[EXERCISE DATA Boundary: Start]

(* The generating function $G(z,x)$ is algebraic of degree $4$ and \[ G(z,x)=\frac{2\left(1-\sqrt{1-4xz^2}\right)}{\sqrt{1-4xz^2}\left(\sqrt{1-4z^2}+\sqrt{1-4xz^2}\right)^2}. \]
   Context: A bicolored Dyck path is a finite sequence of steps from $\{U_1,U_2,D\}$ ($U_1,U_2$ raise the height by $1$, $D$ lowers it by $1$) starting and ending at height $0$ and never going below height $0$; its length is its number of steps, and its up-steps are its $U_1$ and $U_2$ steps. For a bicolored Dyck path containing exactly one $U_2$ step, its weight is $p$, where the $U_2$ step is the $p$-th step of the path. Let $g_{n,m}$ be the total weight of bicolored Dyck paths of length $n$ with exactly one $U_2$ step such that this $U_2$ step is the $m$-th up-step of the path, and $G(z,x)=\sum_{n,m\ge 0}g_{n,m}z^nx^m$. *)

theory Defs
  imports "HOL-Analysis.Analysis" "HOL-Computational_Algebra.Polynomial"
begin

datatype step = U1 | U2 | D

definition step_val :: "step \<Rightarrow> int" where
  "step_val s = (if s = D then -1 else 1)"

definition height :: "step list \<Rightarrow> int" where
  "height w = (\<Sum>s\<leftarrow>w. step_val s)"

definition is_dyck :: "step list \<Rightarrow> bool" where
  "is_dyck w \<longleftrightarrow> (\<forall>k\<le>length w. 0 \<le> height (take k w)) \<and> height w = 0"

definition num_up :: "step list \<Rightarrow> nat" where
  "num_up w = length (filter (\<lambda>s. s \<noteq> D) w)"

text \<open>Pairs (w, i): w a bicolored Dyck path of length n with exactly one U2 step,
  located at 0-based index i (so at position i+1), and it is the m-th up-step.\<close>
definition gpaths :: "nat \<Rightarrow> nat \<Rightarrow> (step list \<times> nat) set" where
  "gpaths n m = {(w, i). length w = n \<and> is_dyck w \<and> length (filter (\<lambda>s. s = U2) w) = 1
      \<and> i < length w \<and> w ! i = U2 \<and> num_up (take (Suc i) w) = m}"

definition g :: "nat \<Rightarrow> nat \<Rightarrow> nat" where
  "g n m = (\<Sum>(w, i)\<in>gpaths n m. Suc i)"

definition Gclosed :: "real \<Rightarrow> real \<Rightarrow> real" where
  "Gclosed z x = 2 * (1 - sqrt (1 - 4*x*z^2)) /
     (sqrt (1 - 4*x*z^2) * (sqrt (1 - 4*z^2) + sqrt (1 - 4*x*z^2))^2)"

text \<open>Trivariate polynomials P(z,x,y) as nested univariate polynomials:
  outer variable y, coefficients polynomials in z, whose coefficients are polynomials in x.\<close>
definition eval3 :: "real poly poly poly \<Rightarrow> real \<Rightarrow> real \<Rightarrow> real \<Rightarrow> real" where
  "eval3 P z x y = poly (map_poly (\<lambda>q. poly (map_poly (\<lambda>c. poly c x) q) z) P) y"

text \<open>f is algebraic of degree k over the rational functions in (z,x), as a function on U.\<close>
definition algebraic_of_degree :: "nat \<Rightarrow> (real \<Rightarrow> real \<Rightarrow> real) \<Rightarrow> (real \<times> real) set \<Rightarrow> bool" where
  "algebraic_of_degree k f U \<longleftrightarrow>
     (\<exists>P. P \<noteq> 0 \<and> degree P = k \<and> (\<forall>(z, x)\<in>U. eval3 P z x (f z x) = 0)) \<and>
     (\<forall>Q. Q \<noteq> 0 \<and> degree Q < k \<longrightarrow> \<not> (\<forall>(z, x)\<in>U. eval3 Q z x (f z x) = 0))"

end

theory Submission
  imports Defs "HOL-Complex_Analysis.Complex_Analysis"
begin

text \<open>A path counted by g n m whose U2 step has index i is A @ U2 # B, where A is a U1/D walk
  from height 0 up to some height h and B is a U1/D walk from h + 1 down to 0, both staying
  nonnegative; it contributes (i + 1) z^n x^m with i = length A. Cutting descending walks at first
  passages expresses their generating functions through the Catalan-type series c = 1 + a c^2,
  for which 1 - 2 a c = sqrt (1 - 4 a); the factor i + 1 is carried by a companion series e with
  e (1 - 2 a c) = c, and the sum over h is the derivative of a geometric series.
  Isolating and squaring the two radicals of Gclosed gives a quartic relation. Conversely, with
  z = rsin u / 2 and 4 x z^2 = rsin v ^ 2 both radicals are rational in (u, v); analytic
  continuation along u \<mapsto> 1/u and v \<mapsto> 1/v shows that every polynomial relation also holds
  for the three conjugates with one or both radicals negated, and the four values are distinct.\<close>

lemma summable_on_comparison_real:
  fixes f :: "'a \<Rightarrow> real"
  assumes "q summable_on A" "\<And>x. x \<in> A \<Longrightarrow> \<bar>f x\<bar> \<le> q x"
  shows "f summable_on A" "(\<lambda>x. \<bar>f x\<bar>) summable_on A"
proof -
  have "(\<lambda>x. norm (f x)) summable_on A"
    by (rule Infinite_Sum.abs_summable_on_comparison_test'[OF assms(1)]) (simp add: assms(2))
  then show "(\<lambda>x. \<bar>f x\<bar>) summable_on A"
    by simp
  then show "f summable_on A"
    using summable_on_iff_abs_summable_on_real by auto
qed
theorem lemma5p1:
  fixes X :: "'a set" and R Q :: "'a rel"
  assumes "finite X" and "mipc_frame X R Q"
  shows "\<exists>(Y :: nat set) S E. finite Y \<and> ms4_frame Y S E \<and> validates_logic Y S E LKur \<and>
           (\<exists>f. mipc_iso f X R Q (skel_carrier Y S) (skel_R Y S) (skel_Q Y S E))"
proof -
  obtain Y :: "nat set" and pt upper where "finite Y" and "pt ` Y \<subseteq> X"
    and "\<forall>x\<in>X. \<exists>a\<in>Y. pt a = x \<and> \<not> upper a"
    and "\<forall>x\<in>{x \<in> X. rel_maximal R x}. \<exists>a\<in>Y. pt a = x \<and> upper a"
    and "\<forall>a\<in>Y. upper a \<longrightarrow> pt a \<in> {x \<in> X. rel_maximal R x}"
    using finite_two_layer_nat_cover[OF \<open>finite X\<close>, of "{x \<in> X. rel_maximal R x}"] by blast
  then interpret mipc_layered_cover X R Q Y pt upper
    using assms by unfold_locales auto
  show ?thesis
    using \<open>finite Y\<close> ms4_frame_cover validates_LKur_cover mipc_iso_skeleton_cover by blast
qed

end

[EXERCISE DATA Boundary: End]

- **TASK INSTRUCTIONS**:
Looking at the data above, return every line from the one with "theory Submission" down to the one with "nonnegative; it contributes", exactly and inclusively.

- **RESULT FOR THIS EXERCISE**:
theory Submission
  imports Defs "HOL-Complex_Analysis.Complex_Analysis"
begin

text \<open>A path counted by g n m whose U2 step has index i is A @ U2 # B, where A is a U1/D walk
  from height 0 up to some height h and B is a U1/D walk from h + 1 down to 0, both staying
  nonnegative; it contributes (i + 1) z^n x^m with i = length A. Cutting descending walks at first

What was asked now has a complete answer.